**Required work:**
If a line in the listing below includes the word "shows", pick it out.

**Given data:**
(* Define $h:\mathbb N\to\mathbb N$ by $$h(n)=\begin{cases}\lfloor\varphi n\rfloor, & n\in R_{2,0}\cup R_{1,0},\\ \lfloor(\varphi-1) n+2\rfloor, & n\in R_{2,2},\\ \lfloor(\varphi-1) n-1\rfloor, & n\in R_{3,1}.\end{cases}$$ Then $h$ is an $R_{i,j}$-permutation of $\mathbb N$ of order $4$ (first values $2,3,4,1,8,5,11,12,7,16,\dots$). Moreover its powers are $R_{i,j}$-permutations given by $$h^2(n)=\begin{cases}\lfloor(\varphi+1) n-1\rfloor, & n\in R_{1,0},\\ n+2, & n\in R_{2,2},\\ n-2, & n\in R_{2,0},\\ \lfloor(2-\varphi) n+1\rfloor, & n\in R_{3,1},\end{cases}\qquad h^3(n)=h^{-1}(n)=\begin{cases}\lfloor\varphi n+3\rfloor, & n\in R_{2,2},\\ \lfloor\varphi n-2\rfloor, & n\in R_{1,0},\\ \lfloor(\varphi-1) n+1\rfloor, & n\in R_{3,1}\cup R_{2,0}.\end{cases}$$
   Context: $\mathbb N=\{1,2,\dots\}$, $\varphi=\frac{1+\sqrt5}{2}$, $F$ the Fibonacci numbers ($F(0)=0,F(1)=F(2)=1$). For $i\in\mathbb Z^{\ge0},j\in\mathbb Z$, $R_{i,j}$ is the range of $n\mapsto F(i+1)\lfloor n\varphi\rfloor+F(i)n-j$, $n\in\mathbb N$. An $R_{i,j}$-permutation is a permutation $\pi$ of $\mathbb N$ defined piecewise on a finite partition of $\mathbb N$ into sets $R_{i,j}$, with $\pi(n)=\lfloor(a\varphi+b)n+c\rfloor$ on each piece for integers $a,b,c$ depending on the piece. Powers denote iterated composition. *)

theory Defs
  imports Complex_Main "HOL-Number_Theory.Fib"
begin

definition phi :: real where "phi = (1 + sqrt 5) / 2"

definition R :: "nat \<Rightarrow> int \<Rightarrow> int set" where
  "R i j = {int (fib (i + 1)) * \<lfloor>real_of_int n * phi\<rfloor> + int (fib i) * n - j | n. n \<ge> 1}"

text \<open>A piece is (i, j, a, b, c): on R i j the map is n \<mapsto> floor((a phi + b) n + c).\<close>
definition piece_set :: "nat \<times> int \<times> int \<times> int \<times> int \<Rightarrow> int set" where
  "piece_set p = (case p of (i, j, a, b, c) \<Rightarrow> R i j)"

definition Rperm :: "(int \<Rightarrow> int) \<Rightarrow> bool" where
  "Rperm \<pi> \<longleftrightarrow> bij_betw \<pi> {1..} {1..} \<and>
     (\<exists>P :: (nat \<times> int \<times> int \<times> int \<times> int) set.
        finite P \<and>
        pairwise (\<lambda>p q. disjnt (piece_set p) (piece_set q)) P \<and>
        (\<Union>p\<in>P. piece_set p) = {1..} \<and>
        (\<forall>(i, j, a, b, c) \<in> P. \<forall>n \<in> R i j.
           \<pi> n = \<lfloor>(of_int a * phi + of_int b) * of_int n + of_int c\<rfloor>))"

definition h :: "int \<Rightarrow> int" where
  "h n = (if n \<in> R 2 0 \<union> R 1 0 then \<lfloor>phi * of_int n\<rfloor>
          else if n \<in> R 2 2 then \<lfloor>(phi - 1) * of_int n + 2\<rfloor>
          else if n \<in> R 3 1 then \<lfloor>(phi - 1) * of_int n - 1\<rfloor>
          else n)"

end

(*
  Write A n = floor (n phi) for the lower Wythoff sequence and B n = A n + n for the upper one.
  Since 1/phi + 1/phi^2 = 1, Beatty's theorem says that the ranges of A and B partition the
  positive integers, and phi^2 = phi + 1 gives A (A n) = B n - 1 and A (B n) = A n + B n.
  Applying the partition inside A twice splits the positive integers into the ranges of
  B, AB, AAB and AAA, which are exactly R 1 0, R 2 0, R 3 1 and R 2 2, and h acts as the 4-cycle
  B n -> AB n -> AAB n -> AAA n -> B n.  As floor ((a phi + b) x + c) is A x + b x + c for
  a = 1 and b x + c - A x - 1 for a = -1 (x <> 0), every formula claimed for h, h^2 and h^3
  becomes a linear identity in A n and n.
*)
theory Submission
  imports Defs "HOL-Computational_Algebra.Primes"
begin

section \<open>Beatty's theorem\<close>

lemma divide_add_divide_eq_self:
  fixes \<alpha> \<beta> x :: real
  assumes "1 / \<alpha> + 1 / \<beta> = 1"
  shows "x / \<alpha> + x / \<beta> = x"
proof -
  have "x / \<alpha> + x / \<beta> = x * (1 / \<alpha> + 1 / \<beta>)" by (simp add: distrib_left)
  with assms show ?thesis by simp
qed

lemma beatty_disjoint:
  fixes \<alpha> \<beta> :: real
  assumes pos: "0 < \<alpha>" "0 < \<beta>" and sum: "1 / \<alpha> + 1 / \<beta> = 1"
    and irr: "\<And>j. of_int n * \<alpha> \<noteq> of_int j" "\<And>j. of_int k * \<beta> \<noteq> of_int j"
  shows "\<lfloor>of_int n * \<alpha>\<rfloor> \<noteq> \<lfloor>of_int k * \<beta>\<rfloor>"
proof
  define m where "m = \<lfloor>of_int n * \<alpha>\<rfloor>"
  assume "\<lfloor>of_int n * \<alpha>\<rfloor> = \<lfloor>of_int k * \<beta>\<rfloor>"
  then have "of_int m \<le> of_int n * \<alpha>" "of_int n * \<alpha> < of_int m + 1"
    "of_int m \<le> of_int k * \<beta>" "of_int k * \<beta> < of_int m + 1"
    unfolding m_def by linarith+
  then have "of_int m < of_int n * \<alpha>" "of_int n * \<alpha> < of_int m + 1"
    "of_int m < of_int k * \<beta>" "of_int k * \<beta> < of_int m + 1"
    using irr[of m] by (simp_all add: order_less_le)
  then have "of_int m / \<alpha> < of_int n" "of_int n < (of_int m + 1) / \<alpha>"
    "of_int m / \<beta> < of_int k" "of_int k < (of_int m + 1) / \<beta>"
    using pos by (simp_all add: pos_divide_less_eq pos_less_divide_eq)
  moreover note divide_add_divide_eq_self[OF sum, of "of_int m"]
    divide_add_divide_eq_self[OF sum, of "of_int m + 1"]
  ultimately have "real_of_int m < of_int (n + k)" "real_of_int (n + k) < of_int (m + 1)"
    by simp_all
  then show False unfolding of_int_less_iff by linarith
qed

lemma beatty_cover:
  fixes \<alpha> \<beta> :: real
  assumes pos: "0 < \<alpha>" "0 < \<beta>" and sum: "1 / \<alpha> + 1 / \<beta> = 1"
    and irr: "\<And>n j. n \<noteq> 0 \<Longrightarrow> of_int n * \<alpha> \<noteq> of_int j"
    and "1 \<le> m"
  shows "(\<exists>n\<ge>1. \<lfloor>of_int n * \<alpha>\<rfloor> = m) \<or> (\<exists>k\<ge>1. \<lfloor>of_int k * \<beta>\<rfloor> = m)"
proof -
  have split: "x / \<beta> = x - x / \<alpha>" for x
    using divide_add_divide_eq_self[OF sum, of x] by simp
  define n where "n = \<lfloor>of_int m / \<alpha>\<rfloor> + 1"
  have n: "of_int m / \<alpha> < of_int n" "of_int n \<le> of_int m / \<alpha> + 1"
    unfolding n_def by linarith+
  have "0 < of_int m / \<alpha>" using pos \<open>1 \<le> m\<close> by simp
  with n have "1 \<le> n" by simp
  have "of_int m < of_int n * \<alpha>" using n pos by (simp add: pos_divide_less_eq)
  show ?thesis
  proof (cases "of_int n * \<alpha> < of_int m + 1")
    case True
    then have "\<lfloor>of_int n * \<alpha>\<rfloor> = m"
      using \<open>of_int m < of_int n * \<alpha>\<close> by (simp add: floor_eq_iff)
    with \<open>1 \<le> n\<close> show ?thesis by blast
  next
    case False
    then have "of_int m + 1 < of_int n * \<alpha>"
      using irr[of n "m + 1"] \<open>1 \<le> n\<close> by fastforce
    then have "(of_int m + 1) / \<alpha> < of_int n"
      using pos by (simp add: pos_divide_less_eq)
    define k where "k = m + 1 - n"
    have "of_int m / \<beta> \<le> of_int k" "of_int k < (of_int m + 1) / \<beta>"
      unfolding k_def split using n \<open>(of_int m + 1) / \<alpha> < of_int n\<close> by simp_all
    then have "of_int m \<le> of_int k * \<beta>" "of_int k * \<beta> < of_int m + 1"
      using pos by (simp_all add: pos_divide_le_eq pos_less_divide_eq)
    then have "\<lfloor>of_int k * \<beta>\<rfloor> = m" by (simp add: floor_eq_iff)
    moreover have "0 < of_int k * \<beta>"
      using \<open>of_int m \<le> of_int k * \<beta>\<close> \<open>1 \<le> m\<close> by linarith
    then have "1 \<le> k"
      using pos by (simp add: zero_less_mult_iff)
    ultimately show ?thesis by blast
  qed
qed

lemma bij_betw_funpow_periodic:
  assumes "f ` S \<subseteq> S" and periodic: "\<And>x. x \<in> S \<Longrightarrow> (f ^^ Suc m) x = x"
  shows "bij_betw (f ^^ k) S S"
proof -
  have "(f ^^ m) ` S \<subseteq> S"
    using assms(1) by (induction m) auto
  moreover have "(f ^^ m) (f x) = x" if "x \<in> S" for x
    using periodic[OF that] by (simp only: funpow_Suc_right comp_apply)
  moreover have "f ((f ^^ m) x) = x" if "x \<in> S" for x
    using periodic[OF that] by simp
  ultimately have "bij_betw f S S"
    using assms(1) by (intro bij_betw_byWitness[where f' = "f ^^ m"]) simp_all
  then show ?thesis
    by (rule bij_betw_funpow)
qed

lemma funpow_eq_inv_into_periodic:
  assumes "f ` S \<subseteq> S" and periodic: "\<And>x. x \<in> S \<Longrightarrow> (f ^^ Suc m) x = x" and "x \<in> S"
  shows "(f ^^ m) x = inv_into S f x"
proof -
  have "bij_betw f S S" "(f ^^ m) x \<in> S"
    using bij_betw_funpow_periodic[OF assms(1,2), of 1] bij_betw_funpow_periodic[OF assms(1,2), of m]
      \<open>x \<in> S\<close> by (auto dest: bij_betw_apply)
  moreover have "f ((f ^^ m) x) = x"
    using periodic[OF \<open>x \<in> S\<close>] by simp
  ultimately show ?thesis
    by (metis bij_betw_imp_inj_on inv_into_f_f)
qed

--

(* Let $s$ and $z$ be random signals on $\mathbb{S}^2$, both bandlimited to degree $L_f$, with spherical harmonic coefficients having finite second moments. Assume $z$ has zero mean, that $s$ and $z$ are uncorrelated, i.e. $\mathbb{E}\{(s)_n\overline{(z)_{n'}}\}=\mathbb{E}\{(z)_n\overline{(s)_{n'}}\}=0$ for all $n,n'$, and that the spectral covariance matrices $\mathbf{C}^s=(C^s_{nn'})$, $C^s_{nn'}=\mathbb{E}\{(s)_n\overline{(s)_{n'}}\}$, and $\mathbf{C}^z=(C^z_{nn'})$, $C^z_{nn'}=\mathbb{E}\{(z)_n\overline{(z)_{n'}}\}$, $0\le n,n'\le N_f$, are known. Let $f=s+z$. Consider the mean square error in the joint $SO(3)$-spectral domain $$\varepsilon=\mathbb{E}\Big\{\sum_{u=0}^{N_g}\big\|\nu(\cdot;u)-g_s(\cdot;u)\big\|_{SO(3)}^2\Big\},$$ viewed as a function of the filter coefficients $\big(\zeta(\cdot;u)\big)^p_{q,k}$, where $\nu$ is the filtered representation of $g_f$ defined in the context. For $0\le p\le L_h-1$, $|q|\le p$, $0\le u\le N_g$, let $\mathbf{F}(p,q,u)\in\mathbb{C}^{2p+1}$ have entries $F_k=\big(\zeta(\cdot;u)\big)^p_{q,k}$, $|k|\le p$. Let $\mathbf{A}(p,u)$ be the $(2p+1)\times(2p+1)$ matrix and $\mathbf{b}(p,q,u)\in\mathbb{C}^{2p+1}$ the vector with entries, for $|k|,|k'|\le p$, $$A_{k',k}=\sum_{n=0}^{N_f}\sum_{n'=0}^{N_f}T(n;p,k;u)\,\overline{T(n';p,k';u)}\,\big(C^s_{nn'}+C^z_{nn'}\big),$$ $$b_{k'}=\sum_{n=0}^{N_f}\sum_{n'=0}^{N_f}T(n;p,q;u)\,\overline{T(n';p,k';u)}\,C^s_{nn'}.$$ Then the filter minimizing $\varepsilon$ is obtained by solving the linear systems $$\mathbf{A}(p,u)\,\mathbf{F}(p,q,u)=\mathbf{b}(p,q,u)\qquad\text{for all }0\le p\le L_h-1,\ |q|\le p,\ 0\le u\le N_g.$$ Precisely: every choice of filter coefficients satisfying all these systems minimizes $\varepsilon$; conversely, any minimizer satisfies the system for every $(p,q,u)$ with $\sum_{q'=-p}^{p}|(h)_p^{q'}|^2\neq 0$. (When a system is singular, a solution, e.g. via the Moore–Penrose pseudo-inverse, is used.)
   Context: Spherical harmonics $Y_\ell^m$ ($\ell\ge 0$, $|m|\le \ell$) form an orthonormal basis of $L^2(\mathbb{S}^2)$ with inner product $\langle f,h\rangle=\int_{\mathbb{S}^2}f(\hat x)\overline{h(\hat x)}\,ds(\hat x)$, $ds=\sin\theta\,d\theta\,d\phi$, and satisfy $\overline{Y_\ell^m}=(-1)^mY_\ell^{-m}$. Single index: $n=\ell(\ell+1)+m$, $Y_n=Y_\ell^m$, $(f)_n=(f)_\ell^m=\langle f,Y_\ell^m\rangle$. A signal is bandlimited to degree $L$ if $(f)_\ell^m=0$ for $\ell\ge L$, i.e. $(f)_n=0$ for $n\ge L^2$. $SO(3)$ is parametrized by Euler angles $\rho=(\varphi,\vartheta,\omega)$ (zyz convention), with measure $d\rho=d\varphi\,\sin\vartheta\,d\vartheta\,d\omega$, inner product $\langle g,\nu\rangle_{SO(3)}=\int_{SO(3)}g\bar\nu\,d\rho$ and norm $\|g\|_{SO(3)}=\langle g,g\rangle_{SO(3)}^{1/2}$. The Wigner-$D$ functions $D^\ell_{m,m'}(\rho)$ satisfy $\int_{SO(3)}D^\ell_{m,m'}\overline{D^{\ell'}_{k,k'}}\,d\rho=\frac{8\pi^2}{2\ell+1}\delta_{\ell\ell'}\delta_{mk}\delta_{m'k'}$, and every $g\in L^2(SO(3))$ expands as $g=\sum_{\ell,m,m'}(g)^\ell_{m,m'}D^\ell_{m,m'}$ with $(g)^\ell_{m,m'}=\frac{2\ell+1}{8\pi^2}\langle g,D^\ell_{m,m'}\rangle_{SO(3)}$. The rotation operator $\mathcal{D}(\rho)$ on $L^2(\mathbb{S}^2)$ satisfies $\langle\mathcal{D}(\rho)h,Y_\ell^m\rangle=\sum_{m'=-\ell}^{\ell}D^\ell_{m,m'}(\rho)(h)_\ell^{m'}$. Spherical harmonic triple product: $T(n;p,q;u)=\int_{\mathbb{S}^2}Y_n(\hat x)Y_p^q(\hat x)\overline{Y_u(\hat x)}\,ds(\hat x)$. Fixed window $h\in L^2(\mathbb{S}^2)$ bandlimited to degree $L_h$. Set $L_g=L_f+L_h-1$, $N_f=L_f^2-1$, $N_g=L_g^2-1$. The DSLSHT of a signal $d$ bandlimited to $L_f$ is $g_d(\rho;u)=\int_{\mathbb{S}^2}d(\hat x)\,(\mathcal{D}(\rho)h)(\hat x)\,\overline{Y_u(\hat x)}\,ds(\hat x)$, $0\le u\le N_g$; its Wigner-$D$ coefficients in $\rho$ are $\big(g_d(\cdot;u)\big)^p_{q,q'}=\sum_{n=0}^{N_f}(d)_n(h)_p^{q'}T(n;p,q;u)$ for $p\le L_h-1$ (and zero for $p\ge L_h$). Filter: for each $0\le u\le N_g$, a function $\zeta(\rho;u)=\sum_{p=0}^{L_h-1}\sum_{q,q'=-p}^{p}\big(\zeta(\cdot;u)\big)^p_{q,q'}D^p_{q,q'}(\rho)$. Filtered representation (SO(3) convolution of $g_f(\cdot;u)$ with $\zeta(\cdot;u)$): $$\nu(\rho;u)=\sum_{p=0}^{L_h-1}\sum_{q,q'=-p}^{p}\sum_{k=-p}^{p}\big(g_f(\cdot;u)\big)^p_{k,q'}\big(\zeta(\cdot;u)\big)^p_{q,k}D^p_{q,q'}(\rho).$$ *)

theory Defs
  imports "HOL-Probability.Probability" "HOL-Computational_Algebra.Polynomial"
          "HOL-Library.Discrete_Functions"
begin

**Expected answer:**
  shows "x / \<alpha> + x / \<beta> = x"
  shows "\<lfloor>of_int n * \<alpha>\<rfloor> \<noteq> \<lfloor>of_int k * \<beta>\<rfloor>"
  shows "(\<exists>n\<ge>1. \<lfloor>of_int n * \<alpha>\<rfloor> = m) \<or> (\<exists>k\<ge>1. \<lfloor>of_int k * \<beta>\<rfloor> = m)"
  shows "bij_betw (f ^^ k) S S"
  shows "(f ^^ m) x = inv_into S f x"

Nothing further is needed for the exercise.